> [INFORMATION PROVIDED]
(* With the icosahedral setting of the context, for every $y_0\in\mathcal{I}$, every $u\in\mathbb{R}^3$ and every integer $n\ge1$, \[ \langle u,\nabla_\kappa\rangle q_{2n}(x;y_0)=2\langle u,y_0\rangle(6\kappa+n)\,q_{2n-1}(x;y_0), \] and for every integer $n\ge0$, \[ \langle u,\nabla_\kappa\rangle q_{2n+1}(x;y_0)=\langle u,y_0\rangle(10\kappa+2n+1)\,q_{2n}(x;y_0). \]
   Context: Let $\tau=(1+\sqrt5)/2$. Vectors in $\mathbb{R}^3$ are row vectors; $\langle x,y\rangle=\sum x_iy_i$. For $v\neq0$, $x\sigma_v=x-2\frac{\langle x,v\rangle}{|v|^2}v$. Let $R_+=\{(2,0,0),(0,2,0),(0,0,2),(\tau,\pm\tau^{-1},\pm1),(\pm1,\tau,\pm\tau^{-1}),(\tau^{-1},\pm1,\tau),(-\tau^{-1},1,\tau),(\tau^{-1},1,-\tau)\}$ (15 vectors, signs independent). For real $\kappa\ge0$ the Dunkl operators are $\mathcal{D}_if(x)=\partial_if(x)+\kappa\sum_{v\in R_+}\frac{f(x)-f(x\sigma_v)}{\langle x,v\rangle}v_i$ and $\langle u,\nabla_\kappa\rangle=\sum_iu_i\mathcal{D}_i$. Let $\mathcal{I}=\{(0,\pm\tau,\pm1),(\pm1,0,\pm\tau),(\pm\tau,\pm1,0)\}$. For $y_0\in\mathcal{I}$ the polynomials $q_n(x;y_0)$ (homogeneous of degree $n$ in $x$) are defined by the generating function $\left(1-r\langle x,y_0\rangle\right)^{-1}\prod_{y\in\mathcal{I}}\left(1-r\langle x,y\rangle\right)^{-\kappa}=\sum_{n\ge0}q_n(x;y_0)r^n$. *)

theory Defs
  imports "HOL-Analysis.Analysis"
begin

definition tau :: real where "tau = (1 + sqrt 5) / 2"

definition vec3 :: "real \<Rightarrow> real \<Rightarrow> real \<Rightarrow> real^3" where
  "vec3 a b c = vector [a, b, c]"

definition refl :: "real^3 \<Rightarrow> real^3 \<Rightarrow> real^3" where
  "refl v x = x - (2 * (x \<bullet> v) / (v \<bullet> v)) *\<^sub>R v"

definition sgns :: "real set" where "sgns = {1, -1}"

definition Rplus :: "(real^3) set" where
  "Rplus = {vec3 2 0 0, vec3 0 2 0, vec3 0 0 2}
     \<union> {vec3 tau (s * inverse tau) t | s t. s \<in> sgns \<and> t \<in> sgns}
     \<union> {vec3 s tau (t * inverse tau) | s t. s \<in> sgns \<and> t \<in> sgns}
     \<union> {vec3 (inverse tau) s tau | s. s \<in> sgns}
     \<union> {vec3 (- inverse tau) 1 tau, vec3 (inverse tau) 1 (- tau)}"

definition Ico :: "(real^3) set" where
  "Ico = {vec3 0 (s * tau) t | s t. s \<in> sgns \<and> t \<in> sgns}
     \<union> {vec3 s 0 (t * tau) | s t. s \<in> sgns \<and> t \<in> sgns}
     \<union> {vec3 (s * tau) t 0 | s t. s \<in> sgns \<and> t \<in> sgns}"

definition partial :: "3 \<Rightarrow> (real^3 \<Rightarrow> real) \<Rightarrow> real^3 \<Rightarrow> real" where
  "partial i f x = deriv (\<lambda>t. f (x + t *\<^sub>R axis i 1)) 0"

definition dunkl :: "real \<Rightarrow> 3 \<Rightarrow> (real^3 \<Rightarrow> real) \<Rightarrow> real^3 \<Rightarrow> real" where
  "dunkl k i f x = partial i f x
     + k * (\<Sum>v\<in>Rplus. (f x - f (refl v x)) / (x \<bullet> v) * (v $ i))"

definition dunkl_dir :: "real \<Rightarrow> real^3 \<Rightarrow> (real^3 \<Rightarrow> real) \<Rightarrow> real^3 \<Rightarrow> real" where
  "dunkl_dir k u f x = (\<Sum>i\<in>UNIV. (u $ i) * dunkl k i f x)"

definition genfun :: "real \<Rightarrow> real^3 \<Rightarrow> real^3 \<Rightarrow> real \<Rightarrow> real" where
  "genfun k y0 x r = inverse (1 - r * (x \<bullet> y0))
      * (\<Prod>y\<in>Ico. (1 - r * (x \<bullet> y)) powr (- k))"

> [WHAT IS REQUIRED] How many lines in the listing above contain "union"? Give the number and nothing else.

> [SOLUTION BELOW] 6